Jonathon: 00:15:53.907 But here in servers, if I want to actually SSH into one of these, I can click this Connect dropdown, and I can select which user I want to SSH as. If I select this root user, I immediately have this SSH session and I can do whatever sysadmin activities I might be doing, and any typos are getting recorded. So everything I do is being fully captured and audited by Teleport. So here back in the audit logs — here is me starting that session. If I view the details, here is where I can see — not only can I see that I SSH'd his route, but I can also see specifically tied to my identity. If I click this button here, this starts the playback for me of that SSH session that I just had.

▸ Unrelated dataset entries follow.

(* Fix $\lambda \geqslant 0$ and let $g(\lambda) = (1-e^{-\lambda})/\lambda$ for $\lambda>0$, $g(0)=1$. For a compactly supported Borel probability measure $\rho$ on $\mathbb R$ with $\operatorname{supp}\rho \subset [0,+\infty)$ and $\langle \rho, x\rangle = \int x\,d\rho(x) \neq 0$, define the measure $$A(\rho) = \left(1 - g(\lambda) + g(\lambda)\frac{x}{\langle \rho, x\rangle}\right)\rho,$$ i.e. the measure with density $x \mapsto 1 - g(\lambda) + g(\lambda)x/\langle\rho,x\rangle$ with respect to $\rho$. Let $\rho_0$ be such a measure, let $\rho_t = A^t(\rho_0)$ for $t\in\mathbb N$, and let $x_0 = \sup\operatorname{supp}\rho_0$. Then $\rho_t \to \delta_{x_0}$ as $t \to +\infty$, in the sense that $\int\phi\,d\rho_t \to \phi(x_0)$ for every continuous compactly supported function $\phi\colon\mathbb R\to\mathbb R$.
   Context: $\delta_a$ denotes the Dirac measure at $a$. Convergence of measures is the weak (vague) convergence against continuous compactly supported test functions. *)

theory Defs
  imports "HOL-Probability.Probability"
begin

definition gfun :: "real \<Rightarrow> real" where
  "gfun lam = (if lam = 0 then 1 else (1 - exp (- lam)) / lam)"

definition msupp :: "real measure \<Rightarrow> real set" where
  "msupp M = {x. \<forall>e>0. emeasure M (ball x e) > 0}"

definition mean :: "real measure \<Rightarrow> real" where
  "mean M = (\<integral>x. x \<partial>M)"

definition Aop :: "real \<Rightarrow> real measure \<Rightarrow> real measure" where
  "Aop lam M = density M (\<lambda>x. ennreal (1 - gfun lam + gfun lam * x / mean M))"

end

(*
  The density 1 - g + g x / <rho,x> exceeds 1 exactly to the right of the mean, and
  the mean of A(rho) is <rho,x> + g Var(rho) / <rho,x>. So the means of the iterates
  increase to some m <= x0. If m < x0, then at every step the density is at least a
  fixed q > 1 on [x0 - delta, oo), so the mass of this set, positive at t = 0 because
  x0 lies in the support, would grow like q^t. Hence the means tend to x0. As every
  rho_t lives on [0, x0], the gap x0 - <rho_t,x> is the integral of |x0 - x|, and
  continuity of phi at x0 gives the convergence.
*)
theory Submission
  imports Defs
begin

lemma gfun_pos: "0 \<le> lam \<Longrightarrow> 0 < gfun lam"
  by (auto simp: gfun_def divide_pos_pos)

lemma gfun_le_1: "0 \<le> lam \<Longrightarrow> gfun lam \<le> 1"
  using exp_ge_add_one_self[of "- lam"] by (auto simp: gfun_def divide_le_eq)

lemma AE_in_msupp:
  fixes M :: "real measure"
  assumes "sets M = sets borel"
  shows "AE x in M. x \<in> msupp M"
proof -
  define \<F> where "\<F> = {ball x e | x e. emeasure M (ball x e) = 0}"
  obtain \<F>' where \<F>': "\<F>' \<subseteq> \<F>" "countable \<F>'" "\<Union>\<F>' = \<Union>\<F>"
    using Lindelof[of \<F>] by (auto simp: \<F>_def)
  have "\<Union>\<F>' \<in> null_sets M"
  proof -
    have "\<And>S. S \<in> \<F>' \<Longrightarrow> S \<in> null_sets M"
      using \<F>'(1) assms by (auto simp: \<F>_def null_sets_def)
    then show ?thesis using null_sets_UN'[OF \<F>'(2), of id] by simp
  qed
  moreover have "- msupp M \<subseteq> \<Union>\<F>"
    unfolding msupp_def \<F>_def by (force simp: zero_less_iff_neq_zero)
  ultimately show ?thesis
    using \<F>' by (intro AE_I'[of "\<Union>\<F>'"]) auto
qed

lemma msupp_nonempty:
  fixes M :: "real measure"
  assumes "prob_space M" "sets M = sets borel"
  shows "msupp M \<noteq> {}"
  using AE_in_msupp[OF assms(2)] prob_space.AE_False[OF assms(1)] by auto

definition Aop_density :: "real \<Rightarrow> real measure \<Rightarrow> real \<Rightarrow> real" where
  "Aop_density lam N x = 1 - gfun lam + gfun lam * x / mean N"

lemma Aop_eq_density: "Aop lam N = density N (\<lambda>x. ennreal (Aop_density lam N x))"
  by (simp add: Aop_def Aop_density_def)

locale nonneg_bounded_prob = prob_space N for N :: "real measure" +
  fixes b :: real
  assumes sets_N: "sets N = sets borel"
    and AE_bounds: "AE x in N. x \<in> {0..b}"
    and mean_pos: "0 < mean N"
begin

lemma measurable_N [simp]: "measurable N = measurable borel"
  by (intro ext measurable_cong_sets[OF sets_N refl])

lemma space_N [simp]: "space N = UNIV"
  using sets_eq_imp_space_eq[OF sets_N] by simp

lemma prob_UNIV [simp]: "prob UNIV = 1"
  using prob_space by simp

lemma integrable_bounded:
  fixes f :: "real \<Rightarrow> real"
  assumes "f \<in> borel_measurable borel" "\<And>x. x \<in> {0..b} \<Longrightarrow> \<bar>f x\<bar> \<le> B"
  shows "integrable N f"
  using AE_bounds assms by (intro integrable_const_bound[where B=B]) auto

lemma integrable_id: "integrable N (\<lambda>x. x)"
  by (rule integrable_bounded[where B=b]) auto

lemma integrable_square: "integrable N (\<lambda>x. x\<^sup>2)"
  by (rule integrable_bounded[where B="b\<^sup>2"]) (auto intro: power_mono)

lemma Aop_density_nonneg: "0 \<le> lam \<Longrightarrow> 0 \<le> x \<Longrightarrow> 0 \<le> Aop_density lam N x"
  using gfun_pos[of lam] gfun_le_1[of lam] mean_pos by (simp add: Aop_density_def)

lemma integrable_Aop_density: "integrable N (Aop_density lam N)"
  using integrable_id by (simp add: Aop_density_def[abs_def])

lemma integral_Aop_density: "(\<integral>x. Aop_density lam N x \<partial>N) = 1"
  using integrable_id mean_pos by (simp add: Aop_density_def mean_def prob_space)

lemma AE_Aop_density_nonneg: "0 \<le> lam \<Longrightarrow> AE x in N. 0 \<le> Aop_density lam N x"
  using AE_bounds by eventually_elim (simp add: Aop_density_nonneg)

lemma sets_Aop: "sets (Aop lam N) = sets borel"
  by (simp add: Aop_eq_density sets_N)

lemma integral_Aop:
  fixes f :: "real \<Rightarrow> real"
  assumes "0 \<le> lam" "f \<in> borel_measurable borel"
  shows "(\<integral>x. f x \<partial>Aop lam N) = (\<integral>x. Aop_density lam N x * f x \<partial>N)"
  unfolding Aop_eq_density using assms AE_Aop_density_nonneg
  by (subst integral_density) (auto simp: Aop_density_def[abs_def])

lemma emeasure_Aop:
  assumes "S \<in> sets borel"
  shows "emeasure (Aop lam N) S = (\<integral>\<^sup>+x. ennreal (Aop_density lam N x) * indicator S x \<partial>N)"
  unfolding Aop_eq_density using assms
  by (subst emeasure_density) (auto simp: Aop_density_def[abs_def] sets_N)

lemma prob_space_Aop:
  assumes "0 \<le> lam"
  shows "prob_space (Aop lam N)"
proof
  have "emeasure (Aop lam N) (space (Aop lam N)) = (\<integral>\<^sup>+x. Aop_density lam N x \<partial>N)"
    using emeasure_Aop[of UNIV] sets_Aop by (simp add: sets_eq_imp_space_eq)
  also have "\<dots> = 1"
    using nn_integral_eq_integral[OF integrable_Aop_density AE_Aop_density_nonneg[OF assms]]
    by (simp add: integral_Aop_density)
  finally show "emeasure (Aop lam N) (space (Aop lam N)) = 1" .
qed

lemma AE_Aop_bounds: "AE x in Aop lam N. x \<in> {0..b}"
  unfolding Aop_eq_density using AE_bounds
  by (subst AE_density) (auto simp: Aop_density_def[abs_def])

lemma mean_Aop:
  assumes "0 \<le> lam"
  shows "mean (Aop lam N) = mean N + gfun lam * variance (\<lambda>x. x) / mean N"
proof -
  have "mean (Aop lam N) = (\<integral>x. (1 - gfun lam) * x + gfun lam / mean N * x\<^sup>2 \<partial>N)"
    unfolding mean_def[of "Aop lam N"] using assms
    by (subst integral_Aop) (auto simp: Aop_density_def power2_eq_square field_simps)
  also have "\<dots> = (1 - gfun lam) * mean N + gfun lam / mean N * (\<integral>x. x\<^sup>2 \<partial>N)"
    using integrable_id integrable_square by (simp add: mean_def)
  also have "\<dots> = mean N + gfun lam * variance (\<lambda>x. x) / mean N"
    using mean_pos integrable_id integrable_square
    by (simp add: variance_eq mean_def power2_eq_square field_simps)
  finally show ?thesis .
qed

lemma mean_le_mean_Aop: "0 \<le> lam \<Longrightarrow> mean N \<le> mean (Aop lam N)"
  using mean_Aop[of lam] gfun_pos[of lam] mean_pos variance_positive[of "\<lambda>x. x"] by simp

lemma nonneg_bounded_prob_Aop:
  assumes "0 \<le> lam"
  shows "nonneg_bounded_prob (Aop lam N) b"
proof -
  interpret A: prob_space "Aop lam N" using prob_space_Aop[OF assms] .
  show ?thesis
    using sets_Aop AE_Aop_bounds mean_pos mean_le_mean_Aop[OF assms]
    by unfold_locales auto
qed

lemma mean_le: "mean N \<le> b"
proof -
  have "mean N \<le> (\<integral>x. b \<partial>N)"
    unfolding mean_def using AE_bounds
    by (intro integral_mono_AE integrable_id) auto
  then show ?thesis by (simp add: prob_space)
qed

Jonathon: 00:17:00.158 So all this can also be done in the CLI. So here in the CLI — tsh is Teleport's CLI tool. And I can log in and reference the same proxy that I was interacting with in my web browser, and I'm going to tell it that I want to use my Auth0 single sign on connector. So it kicks open a web browser tab for me, and I'm going to sign in with my Teleport account again. I successfully logged in. So going back into the terminal window, now I can see information about this session for my user roles that I have. What users I can SSH as, how long my access is good for other information. And here, if I want to see the same servers that I could see in my UI, I can do that with a tsh ls. If I want to interact with Kubernetes clusters, tsh kube ls. And if I do any kubectl requests, Teleport is going to record, audit that, tie it to my identity, as well as record any kubectl exec sessions that I do. Also, for databases, with Teleport, you can connect to databases and Teleport will record all database queries and again tie it to the identity of the user who is actually executing those queries.

Conclusion

Jonathon: 00:18:41.057 To summarize, implement MFA everywhere. Use at least two of those three forms of authentication. Again, that's something you know, something you have, and something you are. Colonial Pipeline, that's just a very recent example that I have. But if you go through and search examples of when MFA was not implemented, a compromise ensued, you will find many, many examples. Target, JP Morgan, many other corporations. And then use SSO. Tie role-based access control to your identities within SSO. And really, use SSO in order to grant access to anything within your organization. Applications, servers, Kubernetes clusters, everything. And because you'll have SSO tied to that access, you'll be able to capture the identities of who is actually doing actions and what those actions are. And you'll be able to implement MFA as part of your SSO setup. Whether it's Okta, Active Directory, Duo, you can implement MFA as part of SSO.

Next steps

Jonathon: 00:20:09.605 So next steps — implement SSO and MFA. Check us out on GitHub and join us. We are hiring for a variety of roles, growing like crazy. We would love to talk to you. Thank you so much for attending today's session. Have a great rest of your day.